Looking at the data below, state how many lines contain "bool". No other words are wanted.

Material provided START

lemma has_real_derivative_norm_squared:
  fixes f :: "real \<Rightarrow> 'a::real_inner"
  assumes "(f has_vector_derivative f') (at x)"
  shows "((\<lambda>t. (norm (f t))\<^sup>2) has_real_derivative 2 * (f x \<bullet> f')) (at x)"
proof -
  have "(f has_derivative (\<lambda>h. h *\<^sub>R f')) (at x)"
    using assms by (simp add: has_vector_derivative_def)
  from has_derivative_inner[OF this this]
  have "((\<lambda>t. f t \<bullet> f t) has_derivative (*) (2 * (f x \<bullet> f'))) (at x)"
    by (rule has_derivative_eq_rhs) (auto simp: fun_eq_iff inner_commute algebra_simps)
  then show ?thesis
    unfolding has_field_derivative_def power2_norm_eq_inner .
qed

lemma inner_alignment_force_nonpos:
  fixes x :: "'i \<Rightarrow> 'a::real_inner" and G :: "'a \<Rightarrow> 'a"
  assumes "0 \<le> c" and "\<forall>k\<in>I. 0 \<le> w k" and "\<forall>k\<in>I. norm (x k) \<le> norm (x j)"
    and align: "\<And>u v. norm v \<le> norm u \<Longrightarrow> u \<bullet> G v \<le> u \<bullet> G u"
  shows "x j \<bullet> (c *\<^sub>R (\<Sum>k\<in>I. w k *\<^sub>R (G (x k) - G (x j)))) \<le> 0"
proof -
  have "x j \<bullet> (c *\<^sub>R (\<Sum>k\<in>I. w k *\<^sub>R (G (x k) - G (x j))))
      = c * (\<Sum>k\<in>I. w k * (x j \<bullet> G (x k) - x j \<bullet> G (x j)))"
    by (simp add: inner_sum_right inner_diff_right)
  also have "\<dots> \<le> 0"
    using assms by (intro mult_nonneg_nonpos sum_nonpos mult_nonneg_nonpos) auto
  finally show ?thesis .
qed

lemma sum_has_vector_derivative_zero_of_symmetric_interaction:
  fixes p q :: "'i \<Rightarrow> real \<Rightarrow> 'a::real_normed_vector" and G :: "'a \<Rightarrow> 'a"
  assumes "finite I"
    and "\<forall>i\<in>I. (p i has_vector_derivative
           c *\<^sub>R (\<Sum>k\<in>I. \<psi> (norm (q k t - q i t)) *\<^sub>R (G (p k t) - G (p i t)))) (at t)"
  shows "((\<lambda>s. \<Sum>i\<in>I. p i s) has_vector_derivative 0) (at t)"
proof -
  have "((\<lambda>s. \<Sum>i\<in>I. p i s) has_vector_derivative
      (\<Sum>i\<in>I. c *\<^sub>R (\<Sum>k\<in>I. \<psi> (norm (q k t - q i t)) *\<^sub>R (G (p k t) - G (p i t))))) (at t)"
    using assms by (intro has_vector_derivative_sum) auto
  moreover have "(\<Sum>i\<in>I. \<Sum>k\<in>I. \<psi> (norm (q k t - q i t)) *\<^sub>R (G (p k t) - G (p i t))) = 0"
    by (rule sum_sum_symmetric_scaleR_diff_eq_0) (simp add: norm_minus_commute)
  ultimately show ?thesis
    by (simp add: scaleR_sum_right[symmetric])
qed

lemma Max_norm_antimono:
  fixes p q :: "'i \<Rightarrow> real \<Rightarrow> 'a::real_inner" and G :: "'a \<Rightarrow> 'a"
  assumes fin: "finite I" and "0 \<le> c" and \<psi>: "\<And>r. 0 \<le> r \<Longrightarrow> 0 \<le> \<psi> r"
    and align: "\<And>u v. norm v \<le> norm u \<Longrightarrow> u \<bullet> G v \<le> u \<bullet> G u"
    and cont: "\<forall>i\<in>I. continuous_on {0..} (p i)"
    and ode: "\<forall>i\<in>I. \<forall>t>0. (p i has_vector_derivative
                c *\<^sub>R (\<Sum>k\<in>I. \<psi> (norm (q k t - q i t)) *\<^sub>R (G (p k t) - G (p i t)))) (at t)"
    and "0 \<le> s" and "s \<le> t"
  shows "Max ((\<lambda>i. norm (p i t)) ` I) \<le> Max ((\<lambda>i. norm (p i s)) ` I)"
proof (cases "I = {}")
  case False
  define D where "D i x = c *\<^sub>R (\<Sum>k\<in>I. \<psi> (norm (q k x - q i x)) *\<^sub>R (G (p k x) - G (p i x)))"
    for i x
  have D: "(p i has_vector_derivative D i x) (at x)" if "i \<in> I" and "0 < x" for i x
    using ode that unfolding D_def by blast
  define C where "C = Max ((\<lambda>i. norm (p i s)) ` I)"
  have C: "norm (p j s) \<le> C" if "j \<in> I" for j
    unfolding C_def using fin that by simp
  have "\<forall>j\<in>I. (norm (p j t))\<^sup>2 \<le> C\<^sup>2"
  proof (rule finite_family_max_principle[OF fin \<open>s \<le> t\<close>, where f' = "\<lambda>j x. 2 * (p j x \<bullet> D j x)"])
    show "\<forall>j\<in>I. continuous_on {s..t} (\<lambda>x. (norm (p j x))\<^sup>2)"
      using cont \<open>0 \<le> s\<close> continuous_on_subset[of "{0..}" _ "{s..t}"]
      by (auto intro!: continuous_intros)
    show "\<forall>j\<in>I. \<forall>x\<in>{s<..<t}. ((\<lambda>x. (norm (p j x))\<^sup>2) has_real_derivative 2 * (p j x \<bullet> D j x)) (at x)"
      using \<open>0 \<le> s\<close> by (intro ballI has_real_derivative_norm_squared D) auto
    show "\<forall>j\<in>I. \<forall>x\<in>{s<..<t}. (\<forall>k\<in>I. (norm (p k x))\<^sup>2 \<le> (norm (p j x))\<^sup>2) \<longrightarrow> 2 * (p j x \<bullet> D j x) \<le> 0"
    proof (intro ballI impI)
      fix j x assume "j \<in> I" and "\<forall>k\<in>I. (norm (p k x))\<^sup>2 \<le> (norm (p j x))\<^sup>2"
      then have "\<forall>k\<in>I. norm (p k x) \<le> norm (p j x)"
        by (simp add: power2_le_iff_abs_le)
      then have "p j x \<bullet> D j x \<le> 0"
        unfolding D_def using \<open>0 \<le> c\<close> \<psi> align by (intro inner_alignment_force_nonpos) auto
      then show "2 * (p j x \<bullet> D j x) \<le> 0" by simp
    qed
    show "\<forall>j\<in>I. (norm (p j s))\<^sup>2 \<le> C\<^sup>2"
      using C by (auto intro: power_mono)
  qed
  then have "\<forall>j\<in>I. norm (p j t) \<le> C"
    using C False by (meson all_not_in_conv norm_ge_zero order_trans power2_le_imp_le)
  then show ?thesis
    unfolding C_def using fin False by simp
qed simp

Material provided END
Material provided START

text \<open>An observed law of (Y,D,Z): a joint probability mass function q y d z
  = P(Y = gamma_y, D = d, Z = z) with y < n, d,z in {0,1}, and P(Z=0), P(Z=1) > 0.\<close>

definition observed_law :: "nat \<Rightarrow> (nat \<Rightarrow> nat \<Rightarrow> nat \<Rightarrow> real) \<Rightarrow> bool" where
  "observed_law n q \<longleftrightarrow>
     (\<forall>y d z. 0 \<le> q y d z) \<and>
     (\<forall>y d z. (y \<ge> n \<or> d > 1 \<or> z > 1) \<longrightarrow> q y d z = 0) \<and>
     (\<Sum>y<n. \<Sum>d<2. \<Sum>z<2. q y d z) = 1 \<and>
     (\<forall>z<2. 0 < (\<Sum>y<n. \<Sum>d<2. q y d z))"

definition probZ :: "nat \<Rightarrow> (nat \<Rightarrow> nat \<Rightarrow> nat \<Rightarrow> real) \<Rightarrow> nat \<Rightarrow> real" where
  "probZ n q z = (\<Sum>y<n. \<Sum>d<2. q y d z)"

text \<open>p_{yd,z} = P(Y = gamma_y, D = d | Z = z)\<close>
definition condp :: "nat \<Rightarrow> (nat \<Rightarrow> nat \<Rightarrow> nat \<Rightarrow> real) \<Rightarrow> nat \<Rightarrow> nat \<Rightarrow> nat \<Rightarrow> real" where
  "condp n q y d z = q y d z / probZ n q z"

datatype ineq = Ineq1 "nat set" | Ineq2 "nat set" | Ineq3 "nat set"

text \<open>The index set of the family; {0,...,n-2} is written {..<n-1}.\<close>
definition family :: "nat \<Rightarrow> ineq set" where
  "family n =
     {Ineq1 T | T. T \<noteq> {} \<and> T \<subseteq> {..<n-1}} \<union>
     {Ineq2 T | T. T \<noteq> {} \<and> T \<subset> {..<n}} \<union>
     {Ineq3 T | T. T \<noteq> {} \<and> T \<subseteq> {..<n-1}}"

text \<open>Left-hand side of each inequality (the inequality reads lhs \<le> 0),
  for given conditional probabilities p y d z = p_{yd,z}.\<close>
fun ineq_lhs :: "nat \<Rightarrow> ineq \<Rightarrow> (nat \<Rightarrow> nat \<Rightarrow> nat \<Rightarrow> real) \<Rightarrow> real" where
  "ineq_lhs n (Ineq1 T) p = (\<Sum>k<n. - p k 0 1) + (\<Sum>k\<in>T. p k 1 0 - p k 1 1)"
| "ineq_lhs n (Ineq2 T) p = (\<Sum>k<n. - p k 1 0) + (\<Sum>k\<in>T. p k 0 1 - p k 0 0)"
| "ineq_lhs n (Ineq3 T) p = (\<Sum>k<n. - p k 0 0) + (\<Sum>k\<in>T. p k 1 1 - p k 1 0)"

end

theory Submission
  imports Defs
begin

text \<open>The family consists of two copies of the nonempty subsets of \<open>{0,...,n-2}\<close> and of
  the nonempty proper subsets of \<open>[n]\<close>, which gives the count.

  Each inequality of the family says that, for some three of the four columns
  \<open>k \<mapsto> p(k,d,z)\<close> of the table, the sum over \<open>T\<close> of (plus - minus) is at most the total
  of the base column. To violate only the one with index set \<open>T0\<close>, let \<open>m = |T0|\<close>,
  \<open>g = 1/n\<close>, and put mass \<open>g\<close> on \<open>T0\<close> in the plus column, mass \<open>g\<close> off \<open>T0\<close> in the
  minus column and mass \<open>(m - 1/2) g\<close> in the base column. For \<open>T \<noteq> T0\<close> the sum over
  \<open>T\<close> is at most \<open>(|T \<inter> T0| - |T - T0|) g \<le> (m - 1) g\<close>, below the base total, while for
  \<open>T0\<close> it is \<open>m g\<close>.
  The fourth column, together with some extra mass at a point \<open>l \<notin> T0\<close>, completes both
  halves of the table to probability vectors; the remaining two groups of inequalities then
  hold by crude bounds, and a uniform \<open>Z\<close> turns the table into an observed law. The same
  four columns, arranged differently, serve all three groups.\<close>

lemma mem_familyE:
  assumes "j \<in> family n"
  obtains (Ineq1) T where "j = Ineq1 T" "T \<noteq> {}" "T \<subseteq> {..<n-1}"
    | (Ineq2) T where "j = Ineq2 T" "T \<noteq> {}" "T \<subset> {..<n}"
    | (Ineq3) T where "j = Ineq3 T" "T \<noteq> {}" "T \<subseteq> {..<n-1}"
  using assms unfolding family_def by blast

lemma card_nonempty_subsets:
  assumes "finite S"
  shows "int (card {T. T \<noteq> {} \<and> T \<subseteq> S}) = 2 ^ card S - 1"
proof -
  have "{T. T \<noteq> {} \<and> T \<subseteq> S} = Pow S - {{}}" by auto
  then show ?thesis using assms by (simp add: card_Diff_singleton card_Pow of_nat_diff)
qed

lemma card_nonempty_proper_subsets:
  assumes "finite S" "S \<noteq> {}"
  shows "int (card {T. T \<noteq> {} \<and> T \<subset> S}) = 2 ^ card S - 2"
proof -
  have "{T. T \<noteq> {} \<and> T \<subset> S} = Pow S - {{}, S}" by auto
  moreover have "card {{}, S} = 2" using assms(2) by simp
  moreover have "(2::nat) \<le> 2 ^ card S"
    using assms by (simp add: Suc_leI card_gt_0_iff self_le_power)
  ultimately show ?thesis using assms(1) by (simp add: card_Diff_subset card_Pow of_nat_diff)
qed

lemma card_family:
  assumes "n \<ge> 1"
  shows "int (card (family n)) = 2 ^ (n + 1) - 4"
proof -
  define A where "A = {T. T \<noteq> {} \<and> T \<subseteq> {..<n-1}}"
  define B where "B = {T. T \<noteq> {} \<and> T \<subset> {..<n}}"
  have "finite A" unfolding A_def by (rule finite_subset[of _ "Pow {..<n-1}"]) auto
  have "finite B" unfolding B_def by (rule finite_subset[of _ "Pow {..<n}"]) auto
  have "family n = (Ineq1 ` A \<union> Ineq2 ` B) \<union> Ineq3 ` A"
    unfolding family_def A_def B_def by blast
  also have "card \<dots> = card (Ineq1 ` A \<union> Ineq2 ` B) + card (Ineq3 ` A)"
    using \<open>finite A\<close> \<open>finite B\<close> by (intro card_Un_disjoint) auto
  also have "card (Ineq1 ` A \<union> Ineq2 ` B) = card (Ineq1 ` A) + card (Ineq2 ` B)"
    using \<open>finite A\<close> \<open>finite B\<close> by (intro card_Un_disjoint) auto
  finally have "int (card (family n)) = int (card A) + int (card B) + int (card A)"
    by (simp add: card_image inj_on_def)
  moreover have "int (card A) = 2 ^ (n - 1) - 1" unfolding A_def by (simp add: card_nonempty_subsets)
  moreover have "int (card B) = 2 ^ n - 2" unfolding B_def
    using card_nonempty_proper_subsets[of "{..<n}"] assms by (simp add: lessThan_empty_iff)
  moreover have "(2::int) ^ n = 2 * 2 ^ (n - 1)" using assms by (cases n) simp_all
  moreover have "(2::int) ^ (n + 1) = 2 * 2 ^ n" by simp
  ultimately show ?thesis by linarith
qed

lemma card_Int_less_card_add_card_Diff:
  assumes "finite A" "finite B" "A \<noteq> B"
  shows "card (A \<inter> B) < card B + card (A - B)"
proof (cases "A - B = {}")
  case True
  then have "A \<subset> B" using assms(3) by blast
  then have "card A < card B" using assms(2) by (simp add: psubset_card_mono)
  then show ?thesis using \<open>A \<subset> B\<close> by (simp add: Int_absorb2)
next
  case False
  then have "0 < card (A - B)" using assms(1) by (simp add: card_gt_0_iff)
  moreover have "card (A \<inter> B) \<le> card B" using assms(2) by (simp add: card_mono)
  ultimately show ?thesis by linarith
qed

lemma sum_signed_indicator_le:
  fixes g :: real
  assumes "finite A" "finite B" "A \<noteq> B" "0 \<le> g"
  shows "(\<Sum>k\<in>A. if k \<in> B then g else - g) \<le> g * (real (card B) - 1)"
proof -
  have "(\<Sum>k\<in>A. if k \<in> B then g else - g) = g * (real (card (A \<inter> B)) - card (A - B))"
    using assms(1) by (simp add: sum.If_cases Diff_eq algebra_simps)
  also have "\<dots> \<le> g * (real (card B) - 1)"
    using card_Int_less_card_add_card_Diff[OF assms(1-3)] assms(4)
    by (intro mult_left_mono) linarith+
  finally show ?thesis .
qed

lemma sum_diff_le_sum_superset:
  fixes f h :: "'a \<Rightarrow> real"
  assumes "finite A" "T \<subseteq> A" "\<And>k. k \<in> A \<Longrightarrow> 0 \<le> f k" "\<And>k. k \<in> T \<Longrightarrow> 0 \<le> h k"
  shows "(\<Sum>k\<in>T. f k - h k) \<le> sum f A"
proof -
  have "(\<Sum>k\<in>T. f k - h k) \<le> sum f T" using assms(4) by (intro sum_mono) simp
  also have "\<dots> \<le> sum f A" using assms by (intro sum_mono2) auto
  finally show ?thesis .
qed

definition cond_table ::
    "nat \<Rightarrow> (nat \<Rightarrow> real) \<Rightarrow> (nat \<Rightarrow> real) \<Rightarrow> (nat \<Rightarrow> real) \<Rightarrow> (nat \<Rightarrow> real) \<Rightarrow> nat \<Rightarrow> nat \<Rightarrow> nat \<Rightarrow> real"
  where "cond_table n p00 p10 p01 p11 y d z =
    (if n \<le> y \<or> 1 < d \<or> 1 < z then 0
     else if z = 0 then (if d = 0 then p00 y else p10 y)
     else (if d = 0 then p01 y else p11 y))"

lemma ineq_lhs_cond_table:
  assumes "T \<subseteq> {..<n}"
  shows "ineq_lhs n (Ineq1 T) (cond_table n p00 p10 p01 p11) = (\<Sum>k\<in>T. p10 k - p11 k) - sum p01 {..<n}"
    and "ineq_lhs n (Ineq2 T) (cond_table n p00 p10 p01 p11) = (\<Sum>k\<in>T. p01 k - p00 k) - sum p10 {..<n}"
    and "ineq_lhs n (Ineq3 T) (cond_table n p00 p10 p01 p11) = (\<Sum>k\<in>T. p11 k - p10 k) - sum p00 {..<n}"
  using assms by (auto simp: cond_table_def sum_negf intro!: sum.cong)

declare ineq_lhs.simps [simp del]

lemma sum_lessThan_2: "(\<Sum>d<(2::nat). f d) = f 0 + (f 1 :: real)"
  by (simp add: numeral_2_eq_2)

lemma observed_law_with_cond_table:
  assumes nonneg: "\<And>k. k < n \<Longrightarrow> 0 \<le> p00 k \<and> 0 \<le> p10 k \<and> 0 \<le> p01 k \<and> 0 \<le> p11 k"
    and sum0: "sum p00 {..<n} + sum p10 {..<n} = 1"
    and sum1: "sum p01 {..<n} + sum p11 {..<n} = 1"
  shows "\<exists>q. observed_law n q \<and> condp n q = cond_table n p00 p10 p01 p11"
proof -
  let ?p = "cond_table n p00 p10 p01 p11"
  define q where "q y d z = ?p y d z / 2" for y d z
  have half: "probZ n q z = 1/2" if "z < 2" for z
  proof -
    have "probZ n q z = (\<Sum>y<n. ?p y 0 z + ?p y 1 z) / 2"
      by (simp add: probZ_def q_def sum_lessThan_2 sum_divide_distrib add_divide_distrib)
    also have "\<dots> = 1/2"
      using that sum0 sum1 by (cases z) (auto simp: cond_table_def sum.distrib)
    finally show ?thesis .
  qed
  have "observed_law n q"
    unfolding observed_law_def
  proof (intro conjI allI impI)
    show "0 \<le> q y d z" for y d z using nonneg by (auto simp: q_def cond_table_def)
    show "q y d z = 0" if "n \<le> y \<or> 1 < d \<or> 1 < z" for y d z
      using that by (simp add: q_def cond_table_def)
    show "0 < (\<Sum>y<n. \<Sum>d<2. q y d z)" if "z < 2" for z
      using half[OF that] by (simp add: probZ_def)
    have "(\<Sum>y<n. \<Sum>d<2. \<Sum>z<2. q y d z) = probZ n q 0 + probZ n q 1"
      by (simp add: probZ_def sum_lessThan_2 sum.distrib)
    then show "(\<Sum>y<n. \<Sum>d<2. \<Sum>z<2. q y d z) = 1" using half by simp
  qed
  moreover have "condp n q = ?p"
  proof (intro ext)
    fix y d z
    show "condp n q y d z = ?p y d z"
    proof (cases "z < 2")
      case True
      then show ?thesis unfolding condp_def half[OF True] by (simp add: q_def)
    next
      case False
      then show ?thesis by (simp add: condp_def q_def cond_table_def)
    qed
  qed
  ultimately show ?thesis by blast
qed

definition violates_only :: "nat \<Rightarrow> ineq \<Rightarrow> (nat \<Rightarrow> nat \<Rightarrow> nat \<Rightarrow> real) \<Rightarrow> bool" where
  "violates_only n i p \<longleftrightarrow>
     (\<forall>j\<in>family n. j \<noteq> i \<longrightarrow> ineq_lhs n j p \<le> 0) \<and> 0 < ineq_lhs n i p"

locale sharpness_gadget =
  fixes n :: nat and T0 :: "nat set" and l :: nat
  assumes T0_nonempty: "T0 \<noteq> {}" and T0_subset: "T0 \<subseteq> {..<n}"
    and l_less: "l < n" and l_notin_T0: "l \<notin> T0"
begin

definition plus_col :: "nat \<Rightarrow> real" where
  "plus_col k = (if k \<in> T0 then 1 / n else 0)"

Material provided END

Exercise output -> 2